(* Let $x,y\in\mathbb{B}^2\setminus\{0\}$ be such that $0,x,y$ are noncollinear and $|x|\ne|y|$. Let $S^1(a,r_a)$ be the circle through $x,y,x^*,y^*$, where $a=i\frac{y(1+|x|^2)-x(1+|y|^2)}{2(x_2y_1-x_1y_2)}$, $r_a=\frac{|x-y|\,\big|x|y|^2-y\big|}{2|y||x_1y_2-x_2y_1|}$ (with $x=x_1+ix_2$, $y=y_1+iy_2$); it is orthogonal to $S^1$. Let $\{x_*,y_*\}=S^1\cap S^1(a,r_a)$, labelled so that $x_*,x,y,y_*$ occur in this order on the arc of $S^1(a,r_a)$ inside $\overline{\mathbb{B}^2}$. Let $w=L(x,y)\cap L(x^*,y^* )$, $u=L(x,y^* )\cap L(y,x^* )$, $v=L(x,x_* )\cap L(y,y_* )$, $s=L(x,y_* )\cap L(y,x_* )$, $t=L(x_*,y^* )\cap L(y_*,x^* )$, $k=L(x_*,x^* )\cap L(y_*,y^* )$. Let $S^1(w,r_w)$ be the circle centred at $w$ orthogonal to $S^1(a,r_a)$, and let $z$ be the point of $S^1(w,r_w)\cap S^1(a,r_a)$ in $\mathbb{B}^2$. Then: (1) the circle $S^1(w,r_w)$ is orthogonal to $S^1$, $z$ is the hyperbolic midpoint of the hyperbolic segment $J[x,y]$, and $$w=\frac{y(1-|x|^2)-x(1-|y|^2)}{|y|^2-|x|^2},\qquad r_w=\frac{|x-y|\sqrt{(1-|x|^2)(1-|y|^2)}}{\big||y|^2-|x|^2\big|};$$ (2) the points $v,s,t,k$ lie on the line $L(0,z)$, and $u$ is the intersection point of the lines $L(0,z)$ and $L(x_*,y_* )$, where $$u=\frac{y(1-|x|^2)+x(1-|y|^2)}{1-|x|^2|y|^2}.$$
   Context: $\mathbb{B}^2$ is the unit disk, $S^1$ the unit circle, $S^1(c,r)$ the circle with centre $c$ and radius $r$, $L(p,q)$ the line through $p,q$. For $x\ne0$, $x^*=x/|x|^2$ is the inversion of $x$ in $S^1$. Points are identified with complex numbers. The hyperbolic distance on $\mathbb{B}^2$ satisfies $\sinh\frac{\rho(x,y)}{2}=\frac{|x-y|}{\sqrt{1-|x|^2}\sqrt{1-|y|^2}}$; $J[x,y]$ is the arc of $S^1(a,r_a)$ between $x$ and $y$, and its hyperbolic midpoint is the $z\in J[x,y]$ with $\rho(x,z)=\rho(z,y)$. *)

theory Defs
  imports "HOL-Analysis.Analysis"
begin

definition inv_pt :: "complex \<Rightarrow> complex" where
  "inv_pt x = x / complex_of_real ((cmod x)\<^sup>2)"

definition line_through :: "complex \<Rightarrow> complex \<Rightarrow> complex set" where
  "line_through p q = {p + complex_of_real t * (q - p) | t. True}"

definition orthogonal_circles :: "complex \<Rightarrow> real \<Rightarrow> complex \<Rightarrow> real \<Rightarrow> bool" where
  "orthogonal_circles c1 r1 c2 r2 \<longleftrightarrow>
     r1 > 0 \<and> r2 > 0 \<and> (dist c1 c2)\<^sup>2 = r1\<^sup>2 + r2\<^sup>2"

definition hrho :: "complex \<Rightarrow> complex \<Rightarrow> real" where
  "hrho x y = 2 * arsinh (cmod (x - y) / (sqrt (1 - (cmod x)\<^sup>2) * sqrt (1 - (cmod y)\<^sup>2)))"

text \<open>The (minor) arc of the circle S(c,r) between p and q: points of the circle
  whose radius vector lies in the cone spanned by p - c and q - c.\<close>
definition circ_arc :: "complex \<Rightarrow> real \<Rightarrow> complex \<Rightarrow> complex \<Rightarrow> complex set" where
  "circ_arc c r p q = {e \<in> sphere c r. \<exists>\<alpha> \<beta>::real. \<alpha> \<ge> 0 \<and> \<beta> \<ge> 0 \<and>
       e - c = complex_of_real \<alpha> * (p - c) + complex_of_real \<beta> * (q - c)}"

end

theory Submission
  imports Defs
begin

text \<open>
  Every circle here is orthogonal to the unit circle, so a point p lies on S(c,r) exactly when
  Re (p * cnj c) = (1 + |p|^2) / 2. Hence S(a,r_a) contains x*, y* and meets the unit circle in
  the chord Re (p * cnj a) = 1, and w, being the intersection of the chords xy and x*y*, has
  Re (w * cnj a) = 1 as well, so it also lies on the chord x_* y_*. In each complete quadrangle
  on four of the points x, y, x*, y*, x_*, y_* having w as a diagonal point, the other diagonal
  point (v, s, t or k) lies on the polar of w with respect to S(a,r_a). This polar is the radical
  axis of S(w,r_w) and S(a,r_a); both circles are orthogonal to the unit circle, so the axis
  passes through 0 and z, and it contains u as well.
  For every z on S(w,r_w) one has |x - z|^2 (1 - |y|^2) = |z - y|^2 (1 - |x|^2), which is the
  equality of hyperbolic distances. Finally z lies on the minor arc between x and y: it is the
  nearer to 0 of the two points where the ray from 0 through u meets S(a,r_a), while that ray
  crosses the chord [x,y] inside S(a,r_a).
\<close>

lemma line_through_iff:
  "z \<in> line_through p q \<longleftrightarrow> (\<exists>t::real. z = p + of_real t * (q - p))"
  unfolding line_through_def by auto

lemma line_through_commute:
  assumes "z \<in> line_through p q"
  shows "z \<in> line_through q p"
proof -
  obtain t where "z = p + of_real t * (q - p)" using assms by (auto simp: line_through_iff)
  then have "z = q + of_real (1 - t) * (p - q)" by (simp add: algebra_simps)
  then show ?thesis unfolding line_through_iff by blast
qed

lemma line_through_rescale:
  assumes "z \<in> line_through p q"
  shows "(z - c) / of_real r \<in> line_through ((p - c) / of_real r) ((q - c) / of_real r)"
proof -
  obtain t where t: "z = p + of_real t * (q - p)" using assms(1) by (auto simp: line_through_iff)
  have "(z - c) / of_real r
      = (p - c) / of_real r + of_real t * ((q - c) / of_real r - (p - c) / of_real r)"
    by (cases "r = 0") (simp_all add: t field_simps)
  then show ?thesis unfolding line_through_iff by blast
qed

lemma norm_diff_power2:
  "(cmod (p - q))\<^sup>2 = (cmod p)\<^sup>2 - 2 * Re (p * cnj q) + (cmod q)\<^sup>2"
  unfolding cmod_power2 by (simp add: power2_eq_square algebra_simps)

lemma unit_chord_equation:
  assumes "cmod p = 1" "cmod q = 1" "z \<in> line_through p q"
  shows "z + p * q * cnj z = p + q"
proof -
  obtain t where t: "z = p + of_real t * (q - p)" using assms(3) by (auto simp: line_through_iff)
  have pp: "p * cnj p = 1" and qq: "q * cnj q = 1"
    using assms(1,2) by (metis complex_norm_square mult_1 of_real_1 power2_eq_square)+
  have "p * q * cnj z = q * (p * cnj p) + of_real t * (p * (q * cnj q) - q * (p * cnj p))"
    by (simp add: t algebra_simps)
  also have "\<dots> = q + of_real t * (p - q)" by (simp add: pp qq)
  finally show ?thesis by (simp add: t algebra_simps)
qed

lemma unit_chords_intersection:
  assumes unit: "cmod p1 = 1" "cmod p2 = 1" "cmod p3 = 1" "cmod p4 = 1"
    and distinct: "p1 \<noteq> p3" "p1 \<noteq> p4"
    and d: "d \<in> line_through p1 p2" "d \<in> line_through p3 p4"
  shows "p1 * p2 \<noteq> p3 * p4" and "cnj d = (p1 + p2 - p3 - p4) / (p1 * p2 - p3 * p4)"
proof -
  have e1: "d + p1 * p2 * cnj d = p1 + p2" and e2: "d + p3 * p4 * cnj d = p3 + p4"
    using unit_chord_equation[OF unit(1,2) d(1)] unit_chord_equation[OF unit(3,4) d(2)] .
  show ne: "p1 * p2 \<noteq> p3 * p4"
  proof
    assume prod: "p1 * p2 = p3 * p4"
    then have sum: "p1 + p2 = p3 + p4" using e1 e2 by simp
    have "(p1 - p3) * (p1 - p4) = p1 * p1 - p1 * (p3 + p4) + p3 * p4" by (simp add: algebra_simps)
    also have "\<dots> = 0" unfolding sum[symmetric] prod[symmetric] by (simp add: algebra_simps)
    finally show False using distinct by simp
  qed
  have "cnj d * (p1 * p2 - p3 * p4) = (d + p1 * p2 * cnj d) - (d + p3 * p4 * cnj d)"
    by (simp add: algebra_simps)
  also have "\<dots> = p1 + p2 - p3 - p4" unfolding e1 e2 by simp
  finally have "cnj d * (p1 * p2 - p3 * p4) = p1 + p2 - p3 - p4" .
  then show "cnj d = (p1 + p2 - p3 - p4) / (p1 * p2 - p3 * p4)"
    using ne by (simp add: field_simps)
qed

lemma unit_diagonal_points_conjugate:
  assumes unit: "cmod p1 = 1" "cmod p2 = 1" "cmod p3 = 1" "cmod p4 = 1"
    and distinct: "p1 \<noteq> p2" "p1 \<noteq> p3" "p1 \<noteq> p4"
    and d: "d \<in> line_through p1 p2" "d \<in> line_through p3 p4"
    and e: "e \<in> line_through p1 p3" "e \<in> line_through p2 p4"
  shows "e * cnj d + cnj e * d = 2"
proof -
  define A where "A = p1 * p2 - p3 * p4"
  define B where "B = p1 * p3 - p2 * p4"
  have A: "A \<noteq> 0" and cd: "cnj d = (p1 + p2 - p3 - p4) / A"
    using unit_chords_intersection[OF unit distinct(2,3) d] by (simp_all add: A_def)
  have B: "B \<noteq> 0" and ce: "cnj e = (p1 + p3 - p2 - p4) / B"
    using unit_chords_intersection[OF unit(1,3,2,4) distinct(1,3) e] by (simp_all add: B_def)
  have "d + p1 * p2 * cnj d = p1 + p2" "e + p1 * p3 * cnj e = p1 + p3"
    using unit_chord_equation[OF unit(1,2) d(1)] unit_chord_equation[OF unit(1,3) e(1)] .
  then have "d = p1 + p2 - p1 * p2 * cnj d" "e = p1 + p3 - p1 * p3 * cnj e"
    by (simp_all add: eq_diff_eq)
  then have "e * cnj d + cnj e * d
      = (p1 + p3 - p1 * p3 * cnj e) * cnj d + cnj e * (p1 + p2 - p1 * p2 * cnj d)"
    by simp
  also have "\<dots> = ((p1 + p3) * ((p1 + p2 - p3 - p4) * B)
        - p1 * p3 * (p1 + p3 - p2 - p4) * (p1 + p2 - p3 - p4)
        + (p1 + p3 - p2 - p4) * A * (p1 + p2)
        - p1 * p2 * (p1 + p3 - p2 - p4) * (p1 + p2 - p3 - p4)) / (A * B)"
    unfolding cd ce using A B by (simp add: field_simps)
  also have "\<dots> = (2 * (A * B)) / (A * B)"
    unfolding A_def B_def by (rule arg_cong[where f="\<lambda>t. t / _"]) algebra
  also have "\<dots> = 2" using A B by simp
  finally show ?thesis .
qed

lemma diagonal_points_conjugate:
  assumes r: "r > 0"
    and on_circle: "cmod (p1 - c) = r" "cmod (p2 - c) = r" "cmod (p3 - c) = r" "cmod (p4 - c) = r"
    and distinct: "p1 \<noteq> p2" "p1 \<noteq> p3" "p1 \<noteq> p4"
    and d: "d \<in> line_through p1 p2" "d \<in> line_through p3 p4"
    and e: "e \<in> line_through p1 p3" "e \<in> line_through p2 p4"
  shows "Re ((e - c) * cnj (d - c)) = r\<^sup>2"
proof -
  define f where "f p = (p - c) / complex_of_real r" for p
  have r0: "r \<noteq> 0" using r by simp
  have unit: "cmod (f p1) = 1" "cmod (f p2) = 1" "cmod (f p3) = 1" "cmod (f p4) = 1"
    and distinct': "f p1 \<noteq> f p2" "f p1 \<noteq> f p3" "f p1 \<noteq> f p4"
    using on_circle distinct r by (auto simp: f_def norm_divide)
  have lines: "f d \<in> line_through (f p1) (f p2)" "f d \<in> line_through (f p3) (f p4)"
    "f e \<in> line_through (f p1) (f p3)" "f e \<in> line_through (f p2) (f p4)"
    unfolding f_def using d e by (auto intro: line_through_rescale)
  have "f e * cnj (f d) + cnj (f e) * f d = 2"
    by (rule unit_diagonal_points_conjugate[OF unit distinct' lines])
  moreover have "Re (f e * cnj (f d) + cnj (f e) * f d) = 2 * Re ((e - c) * cnj (d - c)) / r\<^sup>2"
    unfolding f_def by (simp add: power2_eq_square add_divide_distrib[symmetric] algebra_simps)
  ultimately show ?thesis using r0 by (simp add: field_simps)
qed

lemma chords_intersection_unique:
  assumes r: "r > 0"
    and on_circle: "cmod (p1 - c) = r" "cmod (p2 - c) = r" "cmod (p3 - c) = r" "cmod (p4 - c) = r"
    and distinct: "p1 \<noteq> p3" "p1 \<noteq> p4"
    and d: "d \<in> line_through p1 p2" "d \<in> line_through p3 p4"
    and d': "d' \<in> line_through p1 p2" "d' \<in> line_through p3 p4"
  shows "d' = d"
proof -
  define f where "f p = (p - c) / complex_of_real r" for p
  have r0: "r \<noteq> 0" using r by simp
  have unit: "cmod (f p1) = 1" "cmod (f p2) = 1" "cmod (f p3) = 1" "cmod (f p4) = 1"
    and distinct': "f p1 \<noteq> f p3" "f p1 \<noteq> f p4"
    using on_circle distinct r by (auto simp: f_def norm_divide)
  have lines: "f d \<in> line_through (f p1) (f p2)" "f d \<in> line_through (f p3) (f p4)"
    "f d' \<in> line_through (f p1) (f p2)" "f d' \<in> line_through (f p3) (f p4)"
    unfolding f_def using d d' by (auto intro: line_through_rescale)
  have "cnj (f d) = cnj (f d')"
    using unit_chords_intersection(2)[OF unit distinct' lines(1,2)]
      unit_chords_intersection(2)[OF unit distinct' lines(3,4)] by simp
  then show ?thesis unfolding f_def using r0 by (simp add: field_simps)
qed

lemma orthogonal_to_same_vector_real_multiple:
  assumes "a \<noteq> 0" "q \<noteq> 0" "Re (p * cnj a) = 0" "Re (q * cnj a) = 0"
  shows "\<exists>t::real. p = of_real t * q"
proof -
  define s where "s = Im (p * cnj a)"
  define s' where "s' = Im (q * cnj a)"
  have pa: "p * cnj a = \<i> * of_real s" and qa: "q * cnj a = \<i> * of_real s'"
    using assms(3,4) by (simp_all add: complex_eq_iff s_def s'_def)
  have "q * cnj a \<noteq> 0" using assms(1,2) by simp
  then have "s' \<noteq> 0" using qa by auto
  then have "p * cnj a = of_real (s / s') * (q * cnj a)" unfolding pa qa by simp
  then have "p * cnj a = (of_real (s / s') * q) * cnj a" by (simp only: mult.assoc)
  then have "p = of_real (s / s') * q" using assms(1) by (metis complex_cnj_zero_iff mult_right_cancel)
  then show ?thesis by blast
qed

★ ★ ★

Task: The job here is to find each line above with the word "rule" and copy it.

Task response:
    unfolding A_def B_def by (rule arg_cong[where f="\<lambda>t. t / _"]) algebra
    by (rule unit_diagonal_points_conjugate[OF unit distinct' lines])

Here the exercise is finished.